Brun's shoulders twitched. "I'll be careful," she said.

 

"Not good enough. You have to sleep sometime."

 

"Have you identified the nature of the threat?" Esmay asked, to forestall another round of useless argument.

 

"No. Not . . . precisely. And the worst of it is that I can see a variety of threats. The Benignity's not happy with their loss at Xavier, and we are sure they have other agents in Fleet.
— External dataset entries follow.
lemma acyclic_topological_numbering:
  assumes "finite S" and "acyclic R" and "R \<subseteq> S \<times> S"
  shows "\<exists>r. bij_betw r S {..<card S} \<and> (\<forall>(u, v) \<in> R. r u < r v)"
  using assms
proof (induction S arbitrary: R rule: finite_psubset_induct)
  case (psubset S)
  show ?case
  proof (cases "S = {}")
    case True
    then show ?thesis using psubset.prems by (simp add: bij_betw_def)
  next
    case False
    have "finite R"
      using psubset.hyps psubset.prems(2) by (meson finite_SigmaI finite_subset)
    then have "wf (R\<inverse>)"
      using psubset.prems(1) by (rule finite_acyclic_wf_converse)
    then obtain m where "m \<in> S" and sink: "\<And>v. (v, m) \<in> R\<inverse> \<Longrightarrow> v \<notin> S"
      using False wfE_min by (metis ex_in_conv)
    define S' where "S' = S - {m}"
    define R' where "R' = R \<inter> S' \<times> S'"
    have "S' \<subset> S" using \<open>m \<in> S\<close> S'_def by blast
    moreover have "acyclic R'" using psubset.prems(1) R'_def acyclic_subset by blast
    ultimately obtain r' where r': "bij_betw r' S' {..<card S'}" "\<forall>(u, v) \<in> R'. r' u < r' v"
      using psubset.IH[of S' R'] R'_def by blast
    define r where "r = r'(m := card S')"
    have "bij_betw r S' {..<card S'}"
      using r'(1) by (rule bij_betw_cong[THEN iffD1, rotated]) (simp add: r_def S'_def)
    then have "bij_betw r (S' \<union> {m}) ({..<card S'} \<union> {r m})"
      by (rule notIn_Un_bij_betw3[THEN iffD1, rotated -1]) (auto simp: r_def S'_def)
    moreover have "card S = Suc (card S')"
      using card_Suc_Diff1[OF psubset.hyps \<open>m \<in> S\<close>] by (simp only: S'_def)
    then have "{..<card S'} \<union> {r m} = {..<card S}"
      by (auto simp: r_def)
    moreover have "S' \<union> {m} = S"
      using \<open>m \<in> S\<close> by (auto simp: S'_def)
    moreover have "r u < r v" if "(u, v) \<in> R" for u v
    proof -
      have "u \<in> S" "v \<in> S" "u \<noteq> m"
        using that psubset.prems(2) sink by auto
      show ?thesis
      proof (cases "v = m")
        case True
        have "r' u \<in> {..<card S'}"
          using r'(1) \<open>u \<in> S\<close> \<open>u \<noteq> m\<close> by (auto simp: S'_def bij_betw_def)
        then show ?thesis using True \<open>u \<noteq> m\<close> by (simp add: r_def)
      next
        case False
        then have "(u, v) \<in> R'"
          using that \<open>u \<in> S\<close> \<open>v \<in> S\<close> \<open>u \<noteq> m\<close> by (auto simp: R'_def S'_def)
        then show ?thesis using r'(2) \<open>u \<noteq> m\<close> False by (auto simp: r_def)
      qed
    qed
    ultimately show ?thesis by auto
  qed
qed

lemma mp_mult_nonneg: "0 \<le> mp_mult n X Y i j"
  unfolding mp_mult_def by (simp add: Max_ge_iff)

lemma mp_mult_eq_Max:
  "i < n \<Longrightarrow> j < n \<Longrightarrow> mp_mult n X Y i j = Max (insert 0 ((\<lambda>k. X i k * Y k j) ` {..<n}))"
  by (simp add: mp_mult_def)
(* Let $L$ be a finite distributive lattice and $x\in L$ a complemented element with complement $x'$. Then $\mathcal C_x(\mathcal J(L))$ is a convex polytope in $\mathbb R^{\mathcal J(L)}$ whose set of vertices (extreme points) is exactly $\mathcal D_x(\mathcal J(L))$.
   Context: $\mathcal J(L)$ is the set of join-irreducible elements of $L$ (elements covering exactly one element) with the induced order; for $y\in L$, $\eta(y):=\{j\in\mathcal J(L): j\le y\}$. Since $x$ is complemented, $\eta(x)$ and $\eta(x')$ partition $\mathcal J(L)$. A map $g$ on $\mathcal J(L)$ is nonincreasing if $j\le j'$ implies $g(j)\ge g(j')$. $\mathcal D_x(\mathcal J(L))$ is the set of maps $\xi:\mathcal J(L)\to\{-1,0,1\}$ such that $|\xi|$ is nonincreasing, $\xi(j)\ge0$ for $j\in\eta(x)$ and $\xi(j)\le0$ for $j\in\eta(x')$. $\mathcal C_x(\mathcal J(L))$ is the set of maps $f:\mathcal J(L)\to[-1,1]$ such that $|f|$ is nonincreasing, $f(j)\ge0$ for $j\in\eta(x)$ and $f(j)\le 0$ for $j\in\eta(x')$. *)

theory Defs
  imports "HOL-Analysis.Analysis"
begin

definition covers :: "'a::order \<Rightarrow> 'a \<Rightarrow> bool" where
  "covers y j \<longleftrightarrow> y < j \<and> \<not> (\<exists>z. y < z \<and> z < j)"

definition JI :: "'a::order set" where
  "JI = {j. \<exists>!y. covers y j}"

definition eta :: "'a::order \<Rightarrow> 'a set" where
  "eta y = {j \<in> JI. j \<le> y}"

definition nonincr_on_JI :: "('a::order \<Rightarrow> real) \<Rightarrow> bool" where
  "nonincr_on_JI g \<longleftrightarrow> (\<forall>j\<in>JI. \<forall>j'\<in>JI. j \<le> j' \<longrightarrow> g j \<ge> g j')"

text \<open>The space R^{J(L)} is realised as the coordinate subspace of
  real^'a of vectors vanishing outside JI.\<close>
definition Cx :: "'a::{order,finite} \<Rightarrow> 'a \<Rightarrow> (real, 'a) vec set" where
  "Cx x x' = {f. (\<forall>j. j \<notin> JI \<longrightarrow> f $ j = 0)
      \<and> (\<forall>j\<in>JI. -1 \<le> f $ j \<and> f $ j \<le> 1)
      \<and> nonincr_on_JI (\<lambda>j. \<bar>f $ j\<bar>)
      \<and> (\<forall>j\<in>eta x. f $ j \<ge> 0)
      \<and> (\<forall>j\<in>eta x'. f $ j \<le> 0)}"

definition Dx :: "'a::{order,finite} \<Rightarrow> 'a \<Rightarrow> (real, 'a) vec set" where
  "Dx x x' = {f. (\<forall>j. j \<notin> JI \<longrightarrow> f $ j = 0)
      \<and> (\<forall>j\<in>JI. f $ j \<in> {-1, 0, 1})
      \<and> nonincr_on_JI (\<lambda>j. \<bar>f $ j\<bar>)
      \<and> (\<forall>j\<in>eta x. f $ j \<ge> 0)
      \<and> (\<forall>j\<in>eta x'. f $ j \<le> 0)}"

end

theory Submission
  imports Defs
begin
Some have been identified, others haven't. They consider assassination a political tool. The Bloodhorde . . . well, you can imagine how they would like to have my daughter in their control. Then there are my personal enemies among the Familias. A few years ago, I would not have believed any of the Families would make war on personal relations, but now—things have changed."

 

"And you—or your advisors—think your daughter should leave this facility?"

 

"It would be easier to protect her at home, or even on Castle Rock."

 

"I would go crazy," Brun muttered. "I'm not a child, and I can't just sit around doing nothing."

 

"Do you want to join Fleet?" Esmay asked. She couldn't really imagine this obvious rebel wanting to join anything with discipline, but if she hadn't understood . . .

 

"I did at one time," Brun said, eyeing her father. "Now—I'm not sure."

 

"She doesn't want to get stuck doing boring things," Thornbuckle said. Brun flushed.

 

"It's not that—!"

 

"Isn't it? When Captain Serrano pointed out how much of her time was spent on boring routine, you said you didn't much like that prospect."